In this kind of cases, we can use numpy.select like in this example :

import numpy as np
import pandas as pd

val1 = 1
val2 = 10

condlist = [df['col1'] == val1, 
            df['col1'] == val2, 
            df['col3'] == val1]

choicelist = [df['column1'],
              df['column2'],
              df['column3']]            

df['Vals'] = np.select(condlist, choicelist, default=np.nan)

Solution 2:[2]

Based on @tlentali 's sample, I have been able to ingest user input as variables in a condition list.

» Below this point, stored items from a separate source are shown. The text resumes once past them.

(* Under the hypotheses of Theorem 3, for each vertex $v\in\mathcal{S}_{\mathcal{G}}'$ the set $\mathcal{S}_v=\{n:(v,n)\in\mathcal{S}\}$ satisfies $$R_D(\mathcal{S}_v)\ \ge\ B-\int_{\mathcal{F}}\operatorname{rank}\big(\mathbf{U}_{\mathcal{G}}(\mathcal{S}_{\mathcal{G}}'\setminus\{v\},\mathcal{I}_f)\big)\,df.$$
   Context: Same setting as Theorem 3: $\mathcal{G}$ undirected graph with $N$ vertices, orthonormal Laplacian eigenvector matrix $\mathbf{U}_{\mathcal{G}}$ (columns $\mathbf{u}_i$), $\mathbf{U}_{\mathcal{G}}(A,C)$ row/column submatrix; DTVGS with $\ell^2(\mathbb{Z})$ vertex sequences; JFT $\mathcal{F}_{\mathcal{J}}(\mathbf{X})(i,f)=\sum_v\mathbf{u}_i(v)\sum_n\mathbf{X}(v,n)e^{-j2\pi fn}$ in normalized frequency $f\in[-\tfrac12,\tfrac12)$; supports $\mathcal{F}_i$, $\mathcal{F}=\bigcup\mathcal{F}_i$, $\mathcal{I}_f=\{i:f\in\mathcal{F}_i\}$, $\mathcal{I}=\bigcup_f\mathcal{I}_f$, $B_{\mathcal{G}}=|\mathcal{I}|$, $B=\sum_i\mu(\mathcal{F}_i)$; $\mathcal{BL}_D$ space of DTVGS with JFT vanishing off the $\mathcal{F}_i$; $\mathcal{S}_{\mathcal{G}}'$ with $|\mathcal{S}_{\mathcal{G}}'|=B_{\mathcal{G}}$, $\operatorname{rank}\mathbf{U}_{\mathcal{G}}(\mathcal{S}_{\mathcal{G}}',\mathcal{I})=B_{\mathcal{G}}$; $\mathcal{S}\subseteq\mathcal{S}_{\mathcal{G}}'\times\mathbb{Z}$ stable (two-sided energy inequality with constants $0<A\le A'<\infty$); $R_D(\mathcal{S}_v)=\liminf_{n\to\infty}|\mathcal{S}_v\cap[-n,n]|/(2n)$. *)

theory Defs
  imports "HOL-Analysis.Analysis"
begin

text \<open>Vertices of the graph are the elements of a finite type 'n (so N = CARD('n)).
  Matrices are indexed U $ v $ i : row = vertex v, column = eigenvector index i,
  so column i U is the Laplacian eigenvector u_i.\<close>

definition undirected_weights :: "real^'n^'n \<Rightarrow> bool" where
  "undirected_weights W \<longleftrightarrow>
     (\<forall>i j. W$i$j = W$j$i \<and> W$i$j \<ge> 0) \<and> (\<forall>i. W$i$i = 0)"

Each input can be a list of keywords separated by commas. The input is then split:

# separate user input if lists have been submitted
qn=q_name.split(",")
qy=q_year.split(",")
qi=q_inst.split(",") 
qt=q_title.split(",") 
qf=q_func.split(",") 
qr=q_rel.split(",")

# define possible conditions

condlist = [f['pers_name'].isin(qn), 
            f['event_start'].isin(qy),
            f['inst_name'].isin(qi), 
            f['pers_title'].isin(qt),
            f['pers_function'].isin(qf),
            f['rel_pers'].isin(qr)]

# define full range of choices

choicelist = [f['pers_name'], 
            f['event_start'],
            f['inst_name'], 
            f['pers_title'],
            f['pers_function'],
            f['rel_pers']]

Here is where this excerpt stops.